------ RECORDS

section \<open>Chains of execution paths\<close>

lemma fst_piece [simp]: "fst (piece c) = fst c"
  by (simp add: piece_def split: prod.splits)

lemma piece_endpoints:
  assumes "0 < l"
  shows "snd (piece (l, \<gamma>, \<phi>)) 0 = \<gamma> (\<phi> 0)" and "snd (piece (l, \<gamma>, \<phi>)) l = \<gamma> (\<phi> 1)"
  using assms by (simp_all add: piece_def mu_def)

lemma continuous_map_piece:
  assumes "0 < l" "continuous_map (top_of_set {0..1}) T \<gamma>" "\<phi> \<in> Iset 1"
  shows "continuous_map (top_of_set {0..l}) T (snd (piece (l, \<gamma>, \<phi>)))"
proof -
  have "monotone_reparam l 1 (\<phi> \<circ> mu l)"
    using assms by (simp add: Iset_iff_monotone_reparam monotone_reparam_comp monotone_reparam_mu)
  then have "continuous_map (top_of_set {0..l}) T (\<gamma> \<circ> (\<phi> \<circ> mu l))"
    using assms(2) continuous_map_compose continuous_map_monotone_reparam by blast
  then show ?thesis
    by (simp add: piece_def o_assoc)
qed

abbreviation chain_path :: "(real \<times> (real \<Rightarrow> 'a) \<times> (real \<Rightarrow> real)) list \<Rightarrow> real \<Rightarrow> 'a" where
  "chain_path ps \<equiv> moore (map piece ps)"

definition exec_chain :: "(real \<Rightarrow> 'a) set \<Rightarrow> (real \<times> (real \<Rightarrow> 'a) \<times> (real \<Rightarrow> real)) list \<Rightarrow> bool" where
  "exec_chain E ps \<longleftrightarrow> ps \<noteq> [] \<and> (\<forall>(l, \<gamma>, \<phi>)\<in>set ps. 0 < l \<and> \<gamma> \<in> E \<and> \<phi> \<in> Iset 1) \<and>
     successively (\<lambda>(l, \<gamma>, \<phi>) (l', \<gamma>', \<phi>'). \<gamma> (\<phi> 1) = \<gamma>' (\<phi>' 0)) ps"

lemma fst_comp_piece [simp]: "fst \<circ> piece = fst"
  by (simp add: fun_eq_iff)

lemma total_length_exec_chain_pos: "exec_chain E ps \<Longrightarrow> 0 < total_length ps"
  by (rule total_length_pos) (auto simp: exec_chain_def)

lemma exec_chain_Cons: "exec_chain E (c # ps) \<Longrightarrow> ps \<noteq> [] \<Longrightarrow> exec_chain E ps"
  by (auto simp: exec_chain_def successively_Cons)

lemma exec_chain_pieces:
  assumes "exec_chain E ps"
  shows "\<forall>c\<in>set (map piece ps). 0 < fst c"
    and "successively (\<lambda>c d. snd c (fst c) = snd d 0) (map piece ps)"
proof -
  show "\<forall>c\<in>set (map piece ps). 0 < fst c"
    using assms by (auto simp: exec_chain_def)
  have "successively (\<lambda>(l, \<gamma>, \<phi>) (l', \<gamma>', \<phi>'). \<gamma> (\<phi> 1) = \<gamma>' (\<phi>' 0)) ps"
    using assms by (simp add: exec_chain_def)
  then show "successively (\<lambda>c d. snd c (fst c) = snd d 0) (map piece ps)"
    unfolding successively_map
    by (rule successively_mono) (use assms in \<open>auto simp: exec_chain_def piece_def mu_def\<close>)
qed

lemma chain_path_endpoints:
  assumes "exec_chain E ps"
  shows "chain_path ps 0 = (case hd ps of (l, \<gamma>, \<phi>) \<Rightarrow> \<gamma> (\<phi> 0))"
    and "chain_path ps (total_length ps) = (case last ps of (l, \<gamma>, \<phi>) \<Rightarrow> \<gamma> (\<phi> 1))"
proof -
  have ne: "ps \<noteq> []" and pos: "\<forall>(l, \<gamma>, \<phi>)\<in>set ps. 0 < l"
    using assms by (auto simp: exec_chain_def)
  then obtain c ps' where ps: "ps = c # ps'" by (cases ps) auto
  show "chain_path ps 0 = (case hd ps of (l, \<gamma>, \<phi>) \<Rightarrow> \<gamma> (\<phi> 0))"
    using pos ps by (cases c) (simp add: moore_start piece_endpoints)
  obtain l \<gamma> \<phi> where last: "last ps = (l, \<gamma>, \<phi>)" by (metis prod_cases3)
  then have "0 < l" using ne pos last_in_set by fastforce
  then show "chain_path ps (total_length ps) = (case last ps of (l, \<gamma>, \<phi>) \<Rightarrow> \<gamma> (\<phi> 1))"
    using moore_end[of "map piece ps"] exec_chain_pieces(1)[OF assms] ne last
    by (simp add: last_map piece_endpoints)
qed

lemma exec_chain_append:
  assumes "exec_chain E xs" "exec_chain E ys" "chain_path xs (total_length xs) = chain_path ys 0"
  shows "exec_chain E (xs @ ys)"
  using assms chain_path_endpoints[OF assms(1)] chain_path_endpoints[OF assms(2)]
  by (auto simp: exec_chain_def successively_append_iff split: prod.splits)

lemma chain_path_append:
  assumes "exec_chain E xs" "ys \<noteq> []"
  shows "chain_path (xs @ ys) = moore_comp (total_length xs) (chain_path xs) (chain_path ys)"
  using moore_append[of "map piece xs" "map piece ys"] exec_chain_pieces(1)[OF assms(1)] assms
  by (auto simp: exec_chain_def less_imp_le)

lemma continuous_map_chain_path:
  assumes "exec_chain E ps" "\<forall>\<gamma>\<in>E. continuous_map (top_of_set {0..1}) T \<gamma>"
  shows "continuous_map (top_of_set {0..total_length ps}) T (chain_path ps)"
proof -
  have "\<forall>c\<in>set (map piece ps). 0 < fst c \<and> continuous_map (top_of_set {0..fst c}) T (snd c)"
    using assms by (auto simp: exec_chain_def continuous_map_piece)
  with continuous_map_moore[of "map piece ps" T] exec_chain_pieces(2)[OF assms(1)] assms(1)
  show ?thesis by (simp add: exec_chain_def)
qed

lemma chain_path_map_paths:
  assumes "\<forall>(l, \<gamma>, \<phi>)\<in>set ps. 0 < l \<and> (\<forall>s\<in>{0..1}. F \<gamma> (\<phi> s) = f (\<gamma> (\<phi> s)))"
    and "ps \<noteq> []" "t \<in> {0..total_length ps}"
  shows "chain_path (map (\<lambda>(l, \<gamma>, \<phi>). (l, F \<gamma>, \<phi>)) ps) t = f (chain_path ps t)"
proof -
  have "f (chain_path ps t) = moore (map (\<lambda>(l, g). (l, f \<circ> g)) (map piece ps)) t"
    using comp_moore[of "map piece ps" f t] assms(2) by simp
  also have "\<dots> = chain_path (map (\<lambda>(l, \<gamma>, \<phi>). (l, F \<gamma>, \<phi>)) ps) t"
  proof (rule moore_cong)
    have "f (\<gamma> (\<phi> (mu l s))) = F \<gamma> (\<phi> (mu l s))" if "(l, \<gamma>, \<phi>) \<in> set ps" "s \<in> {0..l}" for l \<gamma> \<phi> s
      using assms(1) that by (fastforce simp: mu_def)
    then show "list_all2 (\<lambda>(l, g) (l', h). l = l' \<and> (\<forall>t\<in>{0..l}. g t = h t))
        (map (\<lambda>(l, g). (l, f \<circ> g)) (map piece ps)) (map piece (map (\<lambda>(l, \<gamma>, \<phi>). (l, F \<gamma>, \<phi>)) ps))"
      unfolding list_all2_map1 list_all2_map2
      by (intro list.rel_refl_strong) (auto simp: piece_def)
  qed (use assms(3) in \<open>simp add: case_prod_unfold o_def\<close>)
  finally show ?thesis by simp
qed

lemma exec_chain_image:
  assumes E: "\<forall>\<gamma>\<in>E. path_in E' (f \<circ> \<gamma>)" and ps: "exec_chain E ps"
  obtains ps' where "exec_chain E' ps'" "total_length ps' = total_length ps"
    "\<forall>t\<in>{0..total_length ps}. chain_path ps' t = f (chain_path ps t)"
proof -
  obtain F where F: "\<forall>\<gamma>\<in>E. F \<gamma> \<in> E' \<and> (\<forall>t\<in>{0..1}. (f \<circ> \<gamma>) t = F \<gamma> t)"
    using bchoice[OF E[unfolded path_in_def Bex_def]] by blast
  have mem: "0 < l" "\<gamma> \<in> E" "\<phi> \<in> Iset 1" if "(l, \<gamma>, \<phi>) \<in> set ps" for l \<gamma> \<phi>
    using ps that by (auto simp: exec_chain_def)
  have F_eq: "F \<gamma> (\<phi> t) = f (\<gamma> (\<phi> t))" if "(l, \<gamma>, \<phi>) \<in> set ps" "t \<in> {0..1}" for l \<gamma> \<phi> t
  proof -
    have "\<phi> t \<in> {0..1}"
      using mem(3)[OF that(1)] that(2) monotone_reparam_range unfolding Iset_iff_monotone_reparam by blast
    then show ?thesis using F mem(2)[OF that(1)] by simp
  qed
  have agree: "\<forall>(l, \<gamma>, \<phi>)\<in>set ps. 0 < l \<and> (\<forall>s\<in>{0..1}. F \<gamma> (\<phi> s) = f (\<gamma> (\<phi> s)))"
    using mem(1) F_eq by auto
  define ps' where "ps' = map (\<lambda>(l, \<gamma>, \<phi>). (l, F \<gamma>, \<phi>)) ps"
  have "successively (\<lambda>(l, \<gamma>, \<phi>) (l', \<gamma>', \<phi>'). \<gamma> (\<phi> 1) = \<gamma>' (\<phi>' 0)) ps'"
    unfolding ps'_def successively_map
  proof (rule successively_mono)
    show "successively (\<lambda>(l, \<gamma>, \<phi>) (l', \<gamma>', \<phi>'). \<gamma> (\<phi> 1) = \<gamma>' (\<phi>' 0)) ps"
      using ps by (simp add: exec_chain_def)
  qed (auto simp: F_eq)
  then have "exec_chain E' ps'"
    using ps F unfolding ps'_def exec_chain_def by (auto simp: mem)
  moreover have "total_length ps' = total_length ps"
    unfolding ps'_def by (simp add: case_prod_unfold o_def)
  moreover have "\<forall>t\<in>{0..total_length ps}. chain_path ps' t = f (chain_path ps t)"
    using chain_path_map_paths[OF agree] ps unfolding ps'_def exec_chain_def by blast
  ultimately show thesis using that by blast
qed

------------

> INSTRUCTIONS TO FOLLOW
Using the records above, find and show each line with the string "that".

> RESPONSE AREA
      using assms(1) that by (fastforce simp: mu_def)
    using ps that by (auto simp: exec_chain_def)
      using mem(3)[OF that(1)] that(2) monotone_reparam_range unfolding Iset_iff_monotone_reparam by blast
    then show ?thesis using F mem(2)[OF that(1)] by simp
  ultimately show thesis using that by blast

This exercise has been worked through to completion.